— В другой день, сеньор Хуамбо… вы знаете, что мы здесь к вашим услугам. Если потребуется…
Услышав имя Хуамбо, Раскон вновь попытался встать, вырваться из сонного невода, как поется в песне, и если бы женщина, отличавшаяся изрядной силой, не успела поддержать пьяного, тот рухнул бы на землю.
— Если хочешь поговорить с сеньором, пригласи его войти… Проходите, пожалуйста, мой муж хочет вам что-то сказать, только простите за беспорядок в комнате…
— Хуамбо!.. — радостно заорал Раскон и, намереваясь обнять мулата, рухнул, точно могильная плита, всей своей тяжестью на его плечо. — Хуамбо, Хуамбо, брат Тобы!

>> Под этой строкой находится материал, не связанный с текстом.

text \<open>
  Let r = q(.|z) / tau(.|z) be the importance ratio, T the product of the proposal densities
  tau(psi_k|z) and A the mean of the ratios r(psi_k). Where A does not vanish,
  omega = T r(psi_0) / A. Under the product measure the coordinates are exchangeable and T / A is
  symmetric, so r(psi_0) may be replaced by the mean ratio A, which cancels the denominator; hence
  omega integrates to the integral of T, which is 1. Integrating nu over its last coordinate leaves
  (K+1)/(K+2) omega A + 1/(K+2) omega, since both tau and tau r = q(.|z) integrate to 1, and
  omega A = q(psi_0|z) tau(psi_1|z) ... tau(psi_K|z) is a product density.
\<close>

lemma permutes_ball_reindex:
  assumes "s permutes I"
  shows "(\<forall>k\<in>I. P (s k) k) \<longleftrightarrow> (\<forall>j\<in>I. P j (inv s j))"
proof -
  have "inv s j \<in> I" "s (inv s j) = j" if "j \<in> I" for j
    using assms that by (simp_all add: permutes_inv permutes_in_image permutes_inverses)
  moreover have "s k \<in> I" "inv s (s k) = k" if "k \<in> I" for k
    using assms that by (simp_all add: permutes_in_image permutes_inverses)
  ultimately show ?thesis by metis
qed

lemma PiM_component_in_space: "x \<in> space (PiM I (\<lambda>_. M)) \<Longrightarrow> i \<in> I \<Longrightarrow> x i \<in> space M"
  by (auto simp: space_PiM)

lemma measurable_PiM_permute:
  "s permutes I \<Longrightarrow> (\<lambda>x. \<lambda>k\<in>I. x (s k)) \<in> PiM I (\<lambda>_. M) \<rightarrow>\<^sub>M PiM I (\<lambda>_. M)"
  by (intro measurable_restrict measurable_component_singleton) (auto simp: permutes_in_image)

lemma distr_PiM_permute:
  fixes M :: "'a measure"
  assumes "sigma_finite_measure M" and "finite I" and s: "s permutes I"
  shows "distr (PiM I (\<lambda>_. M)) (PiM I (\<lambda>_. M)) (\<lambda>x. \<lambda>k\<in>I. x (s k)) = PiM I (\<lambda>_. M)"
proof -
  interpret product_sigma_finite "\<lambda>_. M"
    using assms(1) by (simp add: product_sigma_finite_def)
  have s_inv: "inv s permutes I"
    using s by (rule permutes_inv)
  show ?thesis
  proof (rule PiM_eqI[OF \<open>finite I\<close>])
    fix A assume A: "\<And>i. i \<in> I \<Longrightarrow> A i \<in> sets M"
    have "(\<lambda>x. \<lambda>k\<in>I. x (s k)) -` PiE I A \<inter> space (PiM I (\<lambda>_. M)) = PiE I (\<lambda>k. A (inv s k))"
    proof -
      have "(\<forall>k\<in>I. x (s k) \<in> A k) \<longleftrightarrow> (\<forall>j\<in>I. x j \<in> A (inv s j))" for x
        using permutes_ball_reindex[OF s, of "\<lambda>j k. x j \<in> A k"] .
      moreover have "A (inv s i) \<subseteq> space M" if "i \<in> I" for i
        using A[THEN sets.sets_into_space] permutes_in_image[OF s_inv] that by blast
      ultimately show ?thesis
        using s by (auto simp: space_PiM PiE_iff permutes_in_image) blast
    qed
    moreover have "PiE I A \<in> sets (PiM I (\<lambda>_. M))"
      using A by (intro sets_PiM_I_finite \<open>finite I\<close>) auto
    ultimately have "emeasure (distr (PiM I (\<lambda>_. M)) (PiM I (\<lambda>_. M)) (\<lambda>x. \<lambda>k\<in>I. x (s k))) (PiE I A)
        = (\<Prod>k\<in>I. emeasure M (A (inv s k)))"
      using measurable_PiM_permute[OF s, of M] A s_inv by (simp add: emeasure_distr emeasure_PiM \<open>finite I\<close> permutes_in_image)
    also have "\<dots> = (\<Prod>k\<in>I. emeasure M (A k))"
      using prod.permute[OF s_inv, of "\<lambda>k. emeasure M (A k)"] by (simp add: comp_def)
    finally show "emeasure (distr (PiM I (\<lambda>_. M)) (PiM I (\<lambda>_. M)) (\<lambda>x. \<lambda>k\<in>I. x (s k))) (PiE I A)
        = (\<Prod>k\<in>I. emeasure M (A k))" .
  qed simp
qed

lemma nn_integral_PiM_permute:
  fixes M :: "'a measure"
  assumes "sigma_finite_measure M" and "finite I" and s: "s permutes I"
    and f: "f \<in> borel_measurable (PiM I (\<lambda>_. M))"
  shows "(\<integral>\<^sup>+ x. f (\<lambda>k\<in>I. x (s k)) \<partial>PiM I (\<lambda>_. M)) = (\<integral>\<^sup>+ x. f x \<partial>PiM I (\<lambda>_. M))"
proof -
  have "(\<integral>\<^sup>+ x. f (\<lambda>k\<in>I. x (s k)) \<partial>PiM I (\<lambda>_. M))
      = (\<integral>\<^sup>+ x. f x \<partial>distr (PiM I (\<lambda>_. M)) (PiM I (\<lambda>_. M)) (\<lambda>x. \<lambda>k\<in>I. x (s k)))"
    using measurable_PiM_permute[OF s, of M] f by (simp add: nn_integral_distr)
  also have "\<dots> = (\<integral>\<^sup>+ x. f x \<partial>PiM I (\<lambda>_. M))"
    using distr_PiM_permute[OF assms(1-3)] by simp
  finally show ?thesis .
qed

— Ага, значит, вы брат той самой?.. Должно быть, вы старший, потому что она-то ведь тогда была совсем соплячка…
— Самое большое зло заключается в том, что все вы — те, кто венчался в церкви, — заявил Раскон, — считаете, что все остальные — это «те самые»! Но Тоба не принадлежит к «тем самым», она вообще принадлежит только богу, она божья… ушла в монастырь!
Хуамбо, вначале избегавший прикосновения Раскона — такие холодные у того были руки, несмотря на адский зной побережья, — внезапно прижал его к груди, прильнул щекой к щеке; он сгорал от нетерпения — так хотелось узнать о судьбе Тобы. Ему захотелось узнать, что означают слова Раскона: «Тоба… божья… ушла в монастырь…» — хоть бы он рассказал, откуда ему стало известно обо всем этом.

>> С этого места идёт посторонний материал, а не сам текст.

lemma multi_weight_Suc:
  "multi_weight k lam j (Suc r) = (\<Sum>i=1..min j k. lam i * multi_weight k lam (j - i) r)"
proof -
  define T where "T \<alpha> = multinomial k r \<alpha> * (\<Prod>l=1..k. lam l ^ \<alpha> l)" for \<alpha>
  have "multi_weight k lam j (Suc r)
      = (\<Sum>\<alpha>\<in>multi_idx k (Suc r) j. \<Sum>i=1..k. if \<alpha> i = 0 then 0 else lam i * T (\<alpha>(i := \<alpha> i - 1)))"
    unfolding multi_weight_def T_def by (intro sum.cong refl multinomial_term_split)
  also have "\<dots> = (\<Sum>i=1..k. \<Sum>\<alpha>\<in>multi_idx k (Suc r) j. if \<alpha> i = 0 then 0 else lam i * T (\<alpha>(i := \<alpha> i - 1)))"
    by (rule sum.swap)
  also have "\<dots> = (\<Sum>i=1..k. \<Sum>\<alpha>\<in>{\<alpha> \<in> multi_idx k (Suc r) j. \<alpha> i \<noteq> 0}. lam i * T (\<alpha>(i := \<alpha> i - 1)))"
    unfolding sum.inter_filter[OF finite_multi_idx] by (intro sum.cong) auto
  also have "\<dots> = (\<Sum>i=1..k. if i \<le> j then lam i * multi_weight k lam (j - i) r else 0)"
  proof (intro sum.cong refl)
    fix i assume i: "i \<in> {1..k}"
    show "(\<Sum>\<alpha>\<in>{\<alpha> \<in> multi_idx k (Suc r) j. \<alpha> i \<noteq> 0}. lam i * T (\<alpha>(i := \<alpha> i - 1)))
        = (if i \<le> j then lam i * multi_weight k lam (j - i) r else 0)"
    proof (cases "i \<le> j")
      case True
      then show ?thesis
        using sum.reindex_bij_betw[OF bij_betw_multi_idx_lower[OF i True], of "\<lambda>\<beta>. lam i * T \<beta>"]
        by (simp add: multi_weight_def T_def sum_distrib_left)
    next
      case False
      then have empty: "{\<alpha> \<in> multi_idx k (Suc r) j. \<alpha> i \<noteq> 0} = {}"
        using multi_idx_nonzero_le[OF _ i] by auto
      show ?thesis
        unfolding empty using False by simp
    qed
  qed
  finally show ?thesis
    by (simp only: sum_if_le_eq_sum_min)
qed

section \<open>Coefficients of the solution\<close>

text \<open>The truncated subtraction \<open>m - r\<close> is harmless: the binomial coefficient vanishes for \<open>m < r\<close>.\<close>
definition ml_coeff :: "real \<Rightarrow> nat \<Rightarrow> nat \<Rightarrow> real" where
  "ml_coeff L r m = real (m choose r) * (-L) ^ (m - r)"

definition p_coeff :: "nat \<Rightarrow> (nat \<Rightarrow> real) \<Rightarrow> real \<Rightarrow> nat \<Rightarrow> nat \<Rightarrow> real" where
  "p_coeff k lam L j m = (\<Sum>r\<le>j. multi_weight k lam j r * ml_coeff L r m)"

lemma ml_coeff_Suc: "ml_coeff L r (Suc m) = (if r = 0 then 0 else ml_coeff L (r - 1) m) - L * ml_coeff L r m"
proof (cases r)
  case (Suc r')
  have "real (m choose Suc r') * (-L) ^ (m - r') = - L * (real (m choose Suc r') * (-L) ^ (m - Suc r'))"
  proof (cases "Suc r' \<le> m")
    case True
    then have "m - r' = Suc (m - Suc r')"
      by simp
    then show ?thesis
      by simp
  next
    case False
    then have "m choose Suc r' = 0"
      by simp
    then show ?thesis
      by (simp del: binomial_eq_0_iff)
  qed
  then show ?thesis
    unfolding ml_coeff_def Suc by (simp add: algebra_simps)
qed (simp add: ml_coeff_def)

lemma p_coeff_extend: "j \<le> N \<Longrightarrow> p_coeff k lam L j m = (\<Sum>r\<le>N. multi_weight k lam j r * ml_coeff L r m)"
  unfolding p_coeff_def by (intro sum.mono_neutral_left) (auto simp: multi_weight_eq_0)

lemma p_coeff_0: "p_coeff k lam L j 0 = (if j = 0 then 1 else 0)"
proof -
  have "p_coeff k lam L j 0 = (\<Sum>r\<le>j. if r = 0 then multi_weight k lam j 0 else 0)"
    unfolding p_coeff_def ml_coeff_def by (intro sum.cong) auto
  then show ?thesis
    by (simp add: multi_weight_0)
qed

lemma p_coeff_Suc:
  "p_coeff k lam L j (Suc m) =
    (\<Sum>i=1..min j k. lam i * p_coeff k lam L (j - i) m) - L * p_coeff k lam L j m"
proof -
  have "(\<Sum>r\<le>j. multi_weight k lam j r * (if r = 0 then 0 else ml_coeff L (r - 1) m))
      = (\<Sum>i=1..min j k. lam i * p_coeff k lam L (j - i) m)"
  proof (cases j)
    case (Suc j')
    have "(\<Sum>r\<le>j. multi_weight k lam j r * (if r = 0 then 0 else ml_coeff L (r - 1) m))
        = (\<Sum>r\<le>j'. multi_weight k lam j (Suc r) * ml_coeff L r m)"
      unfolding Suc by (subst sum.atMost_Suc_shift) simp
    also have "\<dots> = (\<Sum>r\<le>j'. \<Sum>i=1..min j k. lam i * (multi_weight k lam (j - i) r * ml_coeff L r m))"
      by (simp add: multi_weight_Suc sum_distrib_right mult.assoc)
    also have "\<dots> = (\<Sum>i=1..min j k. lam i * (\<Sum>r\<le>j'. multi_weight k lam (j - i) r * ml_coeff L r m))"
      by (subst sum.swap) (simp add: sum_distrib_left)
    also have "\<dots> = (\<Sum>i=1..min j k. lam i * p_coeff k lam L (j - i) m)"
    proof (intro sum.cong refl)
      fix i assume "i \<in> {1..min j k}"
      then have "j - i \<le> j'"
        using Suc by auto
      then show "lam i * (\<Sum>r\<le>j'. multi_weight k lam (j - i) r * ml_coeff L r m)
          = lam i * p_coeff k lam L (j - i) m"
        by (simp add: p_coeff_extend)
    qed
    finally show ?thesis .
  qed simp
  then show ?thesis
    unfolding p_coeff_def ml_coeff_Suc by (simp add: algebra_simps sum_subtractf sum_distrib_left)
qed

— Тоба покинула своего жениха, Хувентино Родригеса, учителя местной школы и жителя планеты Земля… — бормотал словно сквозь сон Раскон, по-прежнему покоившийся в объятиях мулата.
— И жених получил об этом известие? — Мулат потряс Раскона, чтобы вывести из состояния дремоты- дремоты, в которую погружаются обычно все пьяницы, когда исчезает ощущение реальности и не существует больше ни демонов, ни Кармен, как говаривал Раскон… Жена, заслышав эти слова, начинала браниться — она ревновала его к этой Кармен.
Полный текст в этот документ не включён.